Король, потерпев неудачу в своей попытке ослабить стойкую верность героического маркиза, который не отступил бы ни на волосок от своих добросовестных принципов, даже ради столь желанного блага свободы, решил выместить свою уязвленную гордость, причинив дальнейшие жестокости беспомощным пленникам, которых, хотя он не мог подкупить к бесчестию, он мог все же замучить до смерти.

Монарх решил удовлетворить свою злобу, переведя их в еще более мрачные и нездоровые подземелья. После чего пленников доставили в Магдебург; и когда их бросили в отвратительные своды этой тюрьмы, им сообщили, что они никогда больше не увидят дневного света. Здесь они существовали, опустошенные и отчаявшиеся, в течение года. Фридрих Вильгельм время от времени посылал узнать, достаточно ли интенсивны их страдания, чтобы удовлетворить его дьявольскую жестокость, а затем придумывал новые мучения. Лафайет не осмеливался посылать письма своей жене, опасаясь, что его почерк будет узнан, и поэтому адресовал их другу в Англии, надеясь, что его семья каким-то образом получит их. Он так описывает свое положение:

«Представьте себе отверстие, сделанное под валом цитадели и окруженное сильным высоким частоколом; через него, открыв четыре двери, каждая из которых вооружена цепями, засовами и замками, они приходят, не без некоторого труда и шума, в мою камеру, три шага в ширину, пять с половиной в длину. Стена плесневеет со стороны рва, а передняя пропускает свет, но не солнечный, через маленькое зарешеченное окно.

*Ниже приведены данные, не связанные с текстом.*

definition hit_count :: "nat \<Rightarrow> (nat \<times> bool list) set \<Rightarrow> (nat \<Rightarrow> bool list) \<Rightarrow> nat" where
  "hit_count d X W = card {l. l \<le> d \<and> (l, W l) \<in> X}"

lemma hit_count_le_1:
  assumes "{l. l \<le> d \<and> (l, W l) \<in> X} \<subseteq> {i}"
  shows "hit_count d X W \<le> 1"
  unfolding hit_count_def using card_mono[OF _ assms] by simp

lemma hit_count_cong: "(\<And>l. l \<le> d \<Longrightarrow> W l = W' l) \<Longrightarrow> hit_count d X W = hit_count d X W'"
  unfolding hit_count_def by (metis (no_types, lifting))

lemma three_increasing_elements:
  fixes S :: "nat set"
  assumes "finite S" "3 \<le> card S"
  obtains i k j where "i \<in> S" "k \<in> S" "j \<in> S" "i < k" "k < j"
proof -
  have "S \<noteq> {}" using assms by auto
  have "\<not> S \<subseteq> {Min S, Max S}"
  proof
    assume "S \<subseteq> {Min S, Max S}"
    then have "card S \<le> card {Min S, Max S}" by (rule card_mono[rotated]) simp
    also have "\<dots> \<le> 2" by (cases "Min S = Max S") simp_all
    finally have "card S \<le> 2" .
    then show False using assms by simp
  qed
  then obtain k where k: "k \<in> S" "k \<noteq> Min S" "k \<noteq> Max S" by blast
  have "Min S < k" "k < Max S" using Min_le[OF assms(1) k(1)] Max_ge[OF assms(1) k(1)] k by auto
  then show ?thesis using that[OF Min_in k(1) Max_in] assms(1) \<open>S \<noteq> {}\<close> by simp
qed

lemma hit_count_le_2:
  assumes X: "mutual_visibility_set (bf_V d) (bf_E d) X" and W: "monotone_path d W"
  shows "hit_count d X W \<le> 2"
proof (rule ccontr)
  let ?S = "{l. l \<le> d \<and> (l, W l) \<in> X}"
  assume "\<not> hit_count d X W \<le> 2"
  then have card3: "3 \<le> card ?S" unfolding hit_count_def by simp
  have fin: "finite ?S" by (rule finite_subset[of _ "{..d}"]) auto
  obtain i k j where ikj: "i \<in> ?S" "k \<in> ?S" "j \<in> ?S" "i < k" "k < j"
    by (rule three_increasing_elements[OF fin card3])
  have "X_visible (bf_V d) (bf_E d) X (i, W i) (j, W j)"
    using X ikj unfolding mutual_visibility_set_def by auto
  then obtain xs where xs: "walk_betw (bf_V d) (bf_E d) (i, W i) (j, W j) xs"
      "length xs = Suc (gdist (bf_V d) (bf_E d) (i, W i) (j, W j))" "internal xs \<inter> X = {}"
    by (rule X_visibleE)
  have Wij: "monotone_segment d i j W" by (rule monotone_segment_subinterval[OF W]) (use ikj in auto)
  have "gdist (bf_V d) (bf_E d) (i, W i) (j, W j) \<le> j - i"
    using gdist_le[OF monotone_segment_walk[OF Wij]] ikj by simp
  then have "length xs \<le> Suc (j - i)" using xs(2) by simp
  note along = walk_along_monotone_segment[OF Wij _ _ xs(1) this]
  have "xs ! (k - i) \<in> internal xs"
    by (rule nth_mem_internal) (use ikj along(1) in auto)
  then show False using along(2)[of k] ikj xs(3) by auto
qed

section \<open>Partitions into monotone paths\<close>

text \<open>
  A switching family chooses at every level \<open>l\<close> an involution of the words that is a
  perfect matching by edges of \<open>BF(d)\<close> between levels \<open>l\<close> and \<open>l + 1\<close>. Following it from every
  word at level 0 partitions the vertices into \<open>2\<^sup>d\<close> monotone paths.
\<close>

definition switching_family :: "nat \<Rightarrow> (nat \<Rightarrow> bool list \<Rightarrow> bool list) \<Rightarrow> bool" where
  "switching_family d f \<longleftrightarrow>
     (\<forall>l<d. \<forall>w. length w = d \<longrightarrow> f l (f l w) = w \<and> (f l w = w \<or> f l w = flip w l))"

fun switch_path :: "(nat \<Rightarrow> bool list \<Rightarrow> bool list) \<Rightarrow> bool list \<Rightarrow> nat \<Rightarrow> bool list" where
  "switch_path f a 0 = a"
| "switch_path f a (Suc l) = f l (switch_path f a l)"

lemma switching_familyD:
  assumes "switching_family d f" "l < d" "length w = d"
  shows "f l (f l w) = w" "f l w = w \<or> f l w = flip w l" "length (f l w) = d"
  using assms unfolding switching_family_def by (metis length_flip)+

lemma switch_path_monotone:
  assumes f: "switching_family d f" and "length a = d"
  shows "monotone_path d (switch_path f a)"
proof -
  have len: "length (switch_path f a l) = d" if "l \<le> d" for l
    using that assms(2) by (induction l) (auto simp: switching_familyD(3)[OF f])
  then show ?thesis unfolding monotone_segment_def using switching_familyD(2)[OF f] by simp
qed

lemma switch_path_bij:
  assumes f: "switching_family d f" and "l \<le> d"
  shows "bij_betw (\<lambda>a. switch_path f a l) {c. length c = d} {c. length c = d}"
  using assms(2)
proof (induction l)
  case 0
  then show ?case by (simp add: bij_betw_def)
next
  case (Suc l)
  have "bij_betw (f l) {c. length c = d} {c. length c = d}"
    by (rule bij_betw_byWitness[where f' = "f l"]) (use switching_familyD[OF f] Suc.prems in auto)
  then have "bij_betw (f l \<circ> (\<lambda>a. switch_path f a l)) {c. length c = d} {c. length c = d}"
    using Suc by (auto intro: bij_betw_trans)
  then show ?case by (simp add: comp_def)
qed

Добавьте к этому двух часовых, чьи глаза проникают в эту нижнюю область, но которые держатся снаружи частокола, чтобы они не могли говорить; других наблюдателей, не принадлежащих к страже; и все стены, валы, рвы, стражу, внутри и снаружи цитадели Магдебурга, и вы подумаете, что иностранные державы ничем не пренебрегают, чтобы удержать нас в своих владениях.

«Шумное открывание четырех дверей повторяется каждое утро, чтобы впустить моего слугу; за обедом, чтобы я мог есть в присутствии коменданта цитадели и стражи; и ночью, чтобы забрать моего слугу в его тюрьму. Закрыв за мной все двери, комендант уносит ключи в комнату, где, с момента нашего прибытия, король приказал ему спать.

«У меня есть книги, белые листы которых вырваны, но нет новостей, нет газет, нет сообщений — ни пера, ни чернил, ни бумаги, ни карандаша. Удивительно, что у меня есть этот лист, и я пишу зубочисткой. Мое здоровье ухудшается ежедневно... Отчет, который я дал вам, может послужить для моих спутников, чье обращение такое же».

FRED‘K WILLIAM II. FRANCIS I.

KING OF PRUSSIA. EMPEROR OF AUSTRIA.

Наконец, отчаявшись заставить Лафайета уступить какими-либо жестокостями, какими бы варварскими они ни были, прусский король, опасаясь, что мир, который он заключал с Францией, потребует выдачи Лафайета, решил передать его вместе с Мобуром и Де Пюзи австрийцам.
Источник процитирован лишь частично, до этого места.